Spike in carfentanil deaths prompts warning from Ontario's chief medical officer of health

Spike in carfentanil deaths prompts warning from Ontario’s chief medical officer of health

The number of Ontarians taking carfentanil, and dying from it,  has spiked since the year began, according to he province’s chief medical officer of health.

Dr. David Williams sent a warning to the province’s public health units in late June about a “sharp increase” in the presence of the powerful fentanyl analogue. 

Using information from Ontario chief coroner Dirk Huyer, Williams wrote that in the first four months of 2019, carfentanil “directly contributed” to 142 deaths in Ontario. 

That number, wrote Williams, is “already 50 per cent more than the total number of deaths in which carfentanil directly contributed in all of 2018, which was 95 deaths.” 

Dr. David Williams, Ontario’s chief medical officer of health, is urging public health units to spread the message about the dangers of carfentanil. (Thunder Bay District Public Health Unit)

Also spelled carfentanyl, the drug started making headlines in Canada in 2016 and 2017 as it was detected in street drugs and linked to overdose deaths. 

It has been traditionally used as a tranquilizer for very large animals, and some studies have described it as 100 times stronger than fentanyl.

Not known if drug is being taken intentionally

In his June release, Williams also lays out evidence that more Ontarians are taking carfentanil, whether knowingly or not, than before.

In 2017 and 2018, between zero and 100 people who did urine tests with LifeLabs — a private operator of community lab services — had carfentanil in their systems.

In April and May of this year, that number surged to more than 700, though Williams acknowledges the sample of people using LifeLabs services is small and that the data might not reflect what all Ontario drug users are doing. 

Wiliams also writes that it’s not clear to health providers whether “people were using carfentanil intentionally or unintentionally.’ 
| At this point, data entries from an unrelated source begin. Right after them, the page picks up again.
(* (i) Let $U_1=\ln Z_1-H_M(\underline\theta)$, $V=Z_2/Z_1\in[1,\infty)$ and $\rho=\min\{\theta_1,\theta_2\}/\max\{\theta_1,\theta_2\}\in(0,1]$. For every $v\ge1$, the conditional density of $U_1$ given $V=v$ is $$f_{2,\underline\theta}(u\mid v)=\frac{\rho^{-\alpha}e^{2\alpha u}e^{-(1+v/\rho)e^{u}}+\rho^{\alpha}e^{2\alpha u}e^{-(1+v\rho)e^{u}}}{\Gamma(2\alpha)\left[\dfrac{1}{\rho^{\alpha}(1+v/\rho)^{2\alpha}}+\dfrac{\rho^{\alpha}}{(1+v\rho)^{2\alpha}}\right]},\qquad -\infty<u<\infty.$$ (ii) For $v\ge1$ and $\rho\in(0,1]$ define $$k_v(\rho)=\frac{(1+v\rho)^{2\alpha}\ln\left(1+\frac{v}{\rho}\right)+(\rho+v)^{2\alpha}\ln(1+v\rho)}{(1+v\rho)^{2\alpha}+(\rho+v)^{2\alpha}}.$$ Then for every $v$ with $1\le v\le\min\{1+\frac{1}{2\alpha},\,1+\sqrt3\}$, $\inf_{0<\rho\le1}k_v(\rho)=\ln(1+v)$.
   Context: Fix a known $\alpha>0$. $X_1,X_2$ are independent, $X_i$ having density $f(x\mid\theta_i)=\frac{x^{\alpha-1}e^{-x/\theta_i}}{\Gamma(\alpha)\theta_i^{\alpha}}$, $x>0$, with unknown $\underline\theta=(\theta_1,\theta_2)\in(0,\infty)^2$. $Z_1=\min\{X_1,X_2\}$, $Z_2=\max\{X_1,X_2\}$. $H_M(\underline\theta)=\ln\theta_1\, I(X_1\le X_2)+\ln\theta_2\, I(X_1>X_2)$. *)

theory Defs
  imports "HOL-Probability.Probability"
begin

definition gamma_density :: "real \<Rightarrow> real \<Rightarrow> real \<Rightarrow> real" where
  "gamma_density \<alpha> \<theta> x =
     (if x > 0 then x powr (\<alpha> - 1) * exp (- x / \<theta>) / (Gamma \<alpha> * \<theta> powr \<alpha>) else 0)"

definition H_M :: "real \<Rightarrow> real \<Rightarrow> real \<Rightarrow> real \<Rightarrow> real" where
  "H_M \<theta>1 \<theta>2 x1 x2 = (if x1 \<le> x2 then ln \<theta>1 else ln \<theta>2)"

definition rho_of :: "real \<Rightarrow> real \<Rightarrow> real" where
  "rho_of \<theta>1 \<theta>2 = min \<theta>1 \<theta>2 / max \<theta>1 \<theta>2"

definition cond_dens :: "real \<Rightarrow> real \<Rightarrow> real \<Rightarrow> real \<Rightarrow> real" where
  "cond_dens \<alpha> \<rho> v u =
     (\<rho> powr (-\<alpha>) * exp (2*\<alpha>*u) * exp (- (1 + v/\<rho>) * exp u)
       + \<rho> powr \<alpha> * exp (2*\<alpha>*u) * exp (- (1 + v * \<rho>) * exp u))
     / (Gamma (2*\<alpha>) * (1 / (\<rho> powr \<alpha> * (1 + v/\<rho>) powr (2*\<alpha>))
                          + \<rho> powr \<alpha> / (1 + v * \<rho>) powr (2*\<alpha>)))"

definition k_fun :: "real \<Rightarrow> real \<Rightarrow> real \<Rightarrow> real" where
  "k_fun \<alpha> v \<rho> =
     ((1 + v * \<rho>) powr (2*\<alpha>) * ln (1 + v/\<rho>) + (\<rho> + v) powr (2*\<alpha>) * ln (1 + v * \<rho>))
     / ((1 + v * \<rho>) powr (2*\<alpha>) + (\<rho> + v) powr (2*\<alpha>))"

end

theory Submission
  imports Defs
begin

text \<open>
  (i) Substituting \<open>x = \<theta> exp u\<close>, \<open>y = x v\<close> in the product density of \<open>(X\<^sub>1, X\<^sub>2)\<close>
  gives the joint density of \<open>(U\<^sub>1, V)\<close> as the sum of the contributions of the events
  \<open>X\<^sub>1 \<le> X\<^sub>2\<close> and \<open>X\<^sub>1 > X\<^sub>2\<close>. For \<open>v > 1\<close> this sum factors as the density of
  \<open>V\<close> times \<open>f\<^sub>2(u | v)\<close>, and \<open>f\<^sub>2(\<cdot> | v)\<close> integrates to 1 because
  \<open>\<integral> exp (s u - a exp u) du = \<Gamma>(s) / a^s\<close>.

  (ii) \<open>k\<^sub>v(1) = ln (1 + v)\<close>. Put \<open>E = ln (1 + v/\<rho>) + ln (1 + v\<rho>) - 2 ln (1 + v) \<ge> 0\<close>,
  \<open>H = ln (1 + v/\<rho>) - ln (1 + v\<rho>) \<ge> 0\<close> and \<open>d = ln ((\<rho> + v) / (1 + v\<rho>)) \<ge> 0\<close>.
  Since \<open>(\<rho> + v)^(2\<alpha>) = exp (2\<alpha>d) (1 + v\<rho>)^(2\<alpha>)\<close>, the bound \<open>k\<^sub>v(\<rho>) \<ge> ln (1 + v)\<close>
  amounts to \<open>(E + H) + exp (2\<alpha>d) (E - H) \<ge> 0\<close>, which follows from
  \<open>exp (2y) \<le> (1 + y) / (1 - y)\<close> once \<open>\<alpha> d H \<le> E\<close>. The latter combines \<open>2\<alpha>(v - 1) \<le> 1\<close>
  with \<open>d H \<le> 2 (v - 1) E\<close>, a monotonicity argument in \<open>\<rho>\<close> resting on the Pade bound
  \<open>ln x \<le> (x - 1)(x + 5) / (4x + 2)\<close>; the restriction \<open>v \<le> 1 + \<surd>3\<close> is only used
  through \<open>v \<le> 11/4\<close>.
\<close>

section \<open>The joint law of \<open>U\<^sub>1\<close> and \<open>V\<close>\<close>

lemma nn_integral_indicator_UN_incseq:
  assumes f[measurable]: "f \<in> borel_measurable M"
    and S: "incseq S" "\<And>n. S n \<in> sets M"
  shows "(\<integral>\<^sup>+x. f x * indicator (\<Union>n. S n) x \<partial>M) = (SUP n. \<integral>\<^sup>+x. f x * indicator (S n) x \<partial>M)"
proof -
  have "range S \<subseteq> sets M" using S(2) by auto
  then show ?thesis
    using SUP_emeasure_incseq[of S "density M f"] S
    by (simp add: emeasure_density sets.countable_UN)
qed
The drug, which can sometimes look like fine white grains, can also be packaged in other forms.

In the past few years, it’s turned up in counterfeit oxycontin pills in Ontario, been sold as heroin in Calgary, and been discovered on the back of LSD-laced stamps in Quebec. 

Waterloo police have also connected carfentanil to a wave of what appeared to be purple-tinted heroin that made a deadly sweep through Ontario last year. 

Purplish heroin was discovered in communities across Ontario in 2018, and Waterloo police say the sample they tested contained carfentanil. (Kate Bueckert/CBC)

Williams ends his release with a series of tips for health care providers on the ground, including people who work in overdose prevention.

Among his suggestions are to remind drug users about never using alone or at the same time as a friend, and to always carry overdose antidotes like naloxone.